[Opening Stored data section]

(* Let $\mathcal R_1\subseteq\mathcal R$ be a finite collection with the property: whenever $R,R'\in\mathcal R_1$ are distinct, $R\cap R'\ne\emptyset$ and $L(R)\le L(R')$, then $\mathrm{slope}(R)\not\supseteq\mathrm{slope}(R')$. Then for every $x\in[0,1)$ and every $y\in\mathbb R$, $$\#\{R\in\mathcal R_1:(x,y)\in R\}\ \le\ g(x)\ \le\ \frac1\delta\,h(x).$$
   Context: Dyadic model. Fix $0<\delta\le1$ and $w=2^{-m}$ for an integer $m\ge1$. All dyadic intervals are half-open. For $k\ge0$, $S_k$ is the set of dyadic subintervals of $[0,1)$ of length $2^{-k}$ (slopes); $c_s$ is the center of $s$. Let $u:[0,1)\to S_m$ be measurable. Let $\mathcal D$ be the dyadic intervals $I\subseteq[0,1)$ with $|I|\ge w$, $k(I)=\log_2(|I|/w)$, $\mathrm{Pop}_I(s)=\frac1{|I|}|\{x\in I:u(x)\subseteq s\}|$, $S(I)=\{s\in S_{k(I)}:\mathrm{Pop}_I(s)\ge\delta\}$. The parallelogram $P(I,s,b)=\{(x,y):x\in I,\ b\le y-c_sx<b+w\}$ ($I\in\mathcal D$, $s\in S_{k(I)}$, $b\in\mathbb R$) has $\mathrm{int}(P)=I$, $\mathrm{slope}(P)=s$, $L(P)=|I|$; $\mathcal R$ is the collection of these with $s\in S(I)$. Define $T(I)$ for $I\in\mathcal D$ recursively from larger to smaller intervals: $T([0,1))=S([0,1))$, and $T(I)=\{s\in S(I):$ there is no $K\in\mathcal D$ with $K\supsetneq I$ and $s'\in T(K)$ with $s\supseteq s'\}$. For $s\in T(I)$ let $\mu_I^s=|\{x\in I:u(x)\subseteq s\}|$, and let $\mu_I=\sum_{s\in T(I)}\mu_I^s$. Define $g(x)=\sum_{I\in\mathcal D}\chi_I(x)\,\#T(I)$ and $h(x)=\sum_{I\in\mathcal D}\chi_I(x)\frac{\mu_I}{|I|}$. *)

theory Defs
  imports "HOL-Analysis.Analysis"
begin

[Closing Stored data section]

• [Exercise requirements]: Reproduce the entries in full, exactly as written.

• [Answer space]:
(* Let $\mathcal R_1\subseteq\mathcal R$ be a finite collection with the property: whenever $R,R'\in\mathcal R_1$ are distinct, $R\cap R'\ne\emptyset$ and $L(R)\le L(R')$, then $\mathrm{slope}(R)\not\supseteq\mathrm{slope}(R')$. Then for every $x\in[0,1)$ and every $y\in\mathbb R$, $$\#\{R\in\mathcal R_1:(x,y)\in R\}\ \le\ g(x)\ \le\ \frac1\delta\,h(x).$$
   Context: Dyadic model. Fix $0<\delta\le1$ and $w=2^{-m}$ for an integer $m\ge1$. All dyadic intervals are half-open. For $k\ge0$, $S_k$ is the set of dyadic subintervals of $[0,1)$ of length $2^{-k}$ (slopes); $c_s$ is the center of $s$. Let $u:[0,1)\to S_m$ be measurable. Let $\mathcal D$ be the dyadic intervals $I\subseteq[0,1)$ with $|I|\ge w$, $k(I)=\log_2(|I|/w)$, $\mathrm{Pop}_I(s)=\frac1{|I|}|\{x\in I:u(x)\subseteq s\}|$, $S(I)=\{s\in S_{k(I)}:\mathrm{Pop}_I(s)\ge\delta\}$. The parallelogram $P(I,s,b)=\{(x,y):x\in I,\ b\le y-c_sx<b+w\}$ ($I\in\mathcal D$, $s\in S_{k(I)}$, $b\in\mathbb R$) has $\mathrm{int}(P)=I$, $\mathrm{slope}(P)=s$, $L(P)=|I|$; $\mathcal R$ is the collection of these with $s\in S(I)$. Define $T(I)$ for $I\in\mathcal D$ recursively from larger to smaller intervals: $T([0,1))=S([0,1))$, and $T(I)=\{s\in S(I):$ there is no $K\in\mathcal D$ with $K\supsetneq I$ and $s'\in T(K)$ with $s\supseteq s'\}$. For $s\in T(I)$ let $\mu_I^s=|\{x\in I:u(x)\subseteq s\}|$, and let $\mu_I=\sum_{s\in T(I)}\mu_I^s$. Define $g(x)=\sum_{I\in\mathcal D}\chi_I(x)\,\#T(I)$ and $h(x)=\sum_{I\in\mathcal D}\chi_I(x)\frac{\mu_I}{|I|}$. *)

theory Defs
  imports "HOL-Analysis.Analysis"
begin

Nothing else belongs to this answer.